[Stored data entries]
________________

(* Let $P$ be an ergodic and reversible transition matrix on a finite set $\mathcal{X}$. Then $\gamma_{\mathsf{dps}}=\gamma_\star$.
   Context: $P$ is row-stochastic, ergodic (primitive), with unique stationary distribution $\pi>0$, and reversible: $\pi(x)P(x,x')=\pi(x')P(x',x)$; then $P$ has real spectrum and $\gamma_\star=1-\max\{|\lambda|:\lambda\in\sigma(P),\lambda\ne1\}$ is its absolute spectral gap. $P^\star(x,x')=\pi(x')P(x',x)/\pi(x)$; for a transition matrix $Q$ with stationary $\pi$, $\mathscr{S}_\pi(Q)=\begin{pmatrix}0&Q\\Q^\star&0\end{pmatrix}$ and $\gamma_\ddagger(Q)=1-\mu_2$ where $\mu_2$ is the second largest eigenvalue (counted with multiplicity) of $\mathscr{S}_\pi(Q)$. $\gamma_{\mathsf{dps}}=\max_{k\ge1}\gamma_\ddagger(P^k)/k$. *)

theory Defs
  imports "Jordan_Normal_Form.Char_Poly" "HOL-Computational_Algebra.Polynomial"
begin

(* State space X = {0..<n}; transition matrices are n x n real matrices. *)

definition row_stochastic :: "nat \<Rightarrow> real mat \<Rightarrow> bool" where
  "row_stochastic n P \<longleftrightarrow> P \<in> carrier_mat n n \<and>
     (\<forall>i<n. \<forall>j<n. P $$ (i,j) \<ge> 0) \<and> (\<forall>i<n. (\<Sum>j<n. P $$ (i,j)) = 1)"

(* ergodic = primitive: some power has all entries strictly positive *)
definition primitive_mat :: "nat \<Rightarrow> real mat \<Rightarrow> bool" where
  "primitive_mat n P \<longleftrightarrow> (\<exists>k>0. \<forall>i<n. \<forall>j<n. (P ^\<^sub>m k) $$ (i,j) > 0)"

definition stationary_dist :: "nat \<Rightarrow> real mat \<Rightarrow> (nat \<Rightarrow> real) \<Rightarrow> bool" where
  "stationary_dist n P \<pi> \<longleftrightarrow> (\<forall>i<n. \<pi> i \<ge> 0) \<and> (\<Sum>i<n. \<pi> i) = 1 \<and>
     (\<forall>j<n. (\<Sum>i<n. \<pi> i * P $$ (i,j)) = \<pi> j)"

definition reversible :: "nat \<Rightarrow> real mat \<Rightarrow> (nat \<Rightarrow> real) \<Rightarrow> bool" where
  "reversible n P \<pi> \<longleftrightarrow> (\<forall>i<n. \<forall>j<n. \<pi> i * P $$ (i,j) = \<pi> j * P $$ (j,i))"

definition time_reversal :: "nat \<Rightarrow> (nat \<Rightarrow> real) \<Rightarrow> real mat \<Rightarrow> real mat" where
  "time_reversal n \<pi> Q = mat n n (\<lambda>(i,j). \<pi> j * Q $$ (j,i) / \<pi> i)"

definition dilation :: "nat \<Rightarrow> (nat \<Rightarrow> real) \<Rightarrow> real mat \<Rightarrow> real mat" where
  "dilation n \<pi> Q = four_block_mat (0\<^sub>m n n) Q (time_reversal n \<pi> Q) (0\<^sub>m n n)"

definition spec :: "real mat \<Rightarrow> complex set" where
  "spec A = {z. eigenvalue (map_mat complex_of_real A) z}"

definition abs_spectral_gap :: "real mat \<Rightarrow> real" where
  "abs_spectral_gap P = 1 - Max {cmod z | z. z \<in> spec P \<and> z \<noteq> 1}"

________________

# About this exercise
Every record above is to be written out exactly.

# Solved exercise
(* Let $P$ be an ergodic and reversible transition matrix on a finite set $\mathcal{X}$. Then $\gamma_{\mathsf{dps}}=\gamma_\star$.
   Context: $P$ is row-stochastic, ergodic (primitive), with unique stationary distribution $\pi>0$, and reversible: $\pi(x)P(x,x')=\pi(x')P(x',x)$; then $P$ has real spectrum and $\gamma_\star=1-\max\{|\lambda|:\lambda\in\sigma(P),\lambda\ne1\}$ is its absolute spectral gap. $P^\star(x,x')=\pi(x')P(x',x)/\pi(x)$; for a transition matrix $Q$ with stationary $\pi$, $\mathscr{S}_\pi(Q)=\begin{pmatrix}0&Q\\Q^\star&0\end{pmatrix}$ and $\gamma_\ddagger(Q)=1-\mu_2$ where $\mu_2$ is the second largest eigenvalue (counted with multiplicity) of $\mathscr{S}_\pi(Q)$. $\gamma_{\mathsf{dps}}=\max_{k\ge1}\gamma_\ddagger(P^k)/k$. *)

theory Defs
  imports "Jordan_Normal_Form.Char_Poly" "HOL-Computational_Algebra.Polynomial"
begin

(* State space X = {0..<n}; transition matrices are n x n real matrices. *)

definition row_stochastic :: "nat \<Rightarrow> real mat \<Rightarrow> bool" where
  "row_stochastic n P \<longleftrightarrow> P \<in> carrier_mat n n \<and>
     (\<forall>i<n. \<forall>j<n. P $$ (i,j) \<ge> 0) \<and> (\<forall>i<n. (\<Sum>j<n. P $$ (i,j)) = 1)"

(* ergodic = primitive: some power has all entries strictly positive *)
definition primitive_mat :: "nat \<Rightarrow> real mat \<Rightarrow> bool" where
  "primitive_mat n P \<longleftrightarrow> (\<exists>k>0. \<forall>i<n. \<forall>j<n. (P ^\<^sub>m k) $$ (i,j) > 0)"

definition stationary_dist :: "nat \<Rightarrow> real mat \<Rightarrow> (nat \<Rightarrow> real) \<Rightarrow> bool" where
  "stationary_dist n P \<pi> \<longleftrightarrow> (\<forall>i<n. \<pi> i \<ge> 0) \<and> (\<Sum>i<n. \<pi> i) = 1 \<and>
     (\<forall>j<n. (\<Sum>i<n. \<pi> i * P $$ (i,j)) = \<pi> j)"

definition reversible :: "nat \<Rightarrow> real mat \<Rightarrow> (nat \<Rightarrow> real) \<Rightarrow> bool" where
  "reversible n P \<pi> \<longleftrightarrow> (\<forall>i<n. \<forall>j<n. \<pi> i * P $$ (i,j) = \<pi> j * P $$ (j,i))"

definition time_reversal :: "nat \<Rightarrow> (nat \<Rightarrow> real) \<Rightarrow> real mat \<Rightarrow> real mat" where
  "time_reversal n \<pi> Q = mat n n (\<lambda>(i,j). \<pi> j * Q $$ (j,i) / \<pi> i)"

definition dilation :: "nat \<Rightarrow> (nat \<Rightarrow> real) \<Rightarrow> real mat \<Rightarrow> real mat" where
  "dilation n \<pi> Q = four_block_mat (0\<^sub>m n n) Q (time_reversal n \<pi> Q) (0\<^sub>m n n)"

definition spec :: "real mat \<Rightarrow> complex set" where
  "spec A = {z. eigenvalue (map_mat complex_of_real A) z}"

definition abs_spectral_gap :: "real mat \<Rightarrow> real" where
  "abs_spectral_gap P = 1 - Max {cmod z | z. z \<in> spec P \<and> z \<noteq> 1}"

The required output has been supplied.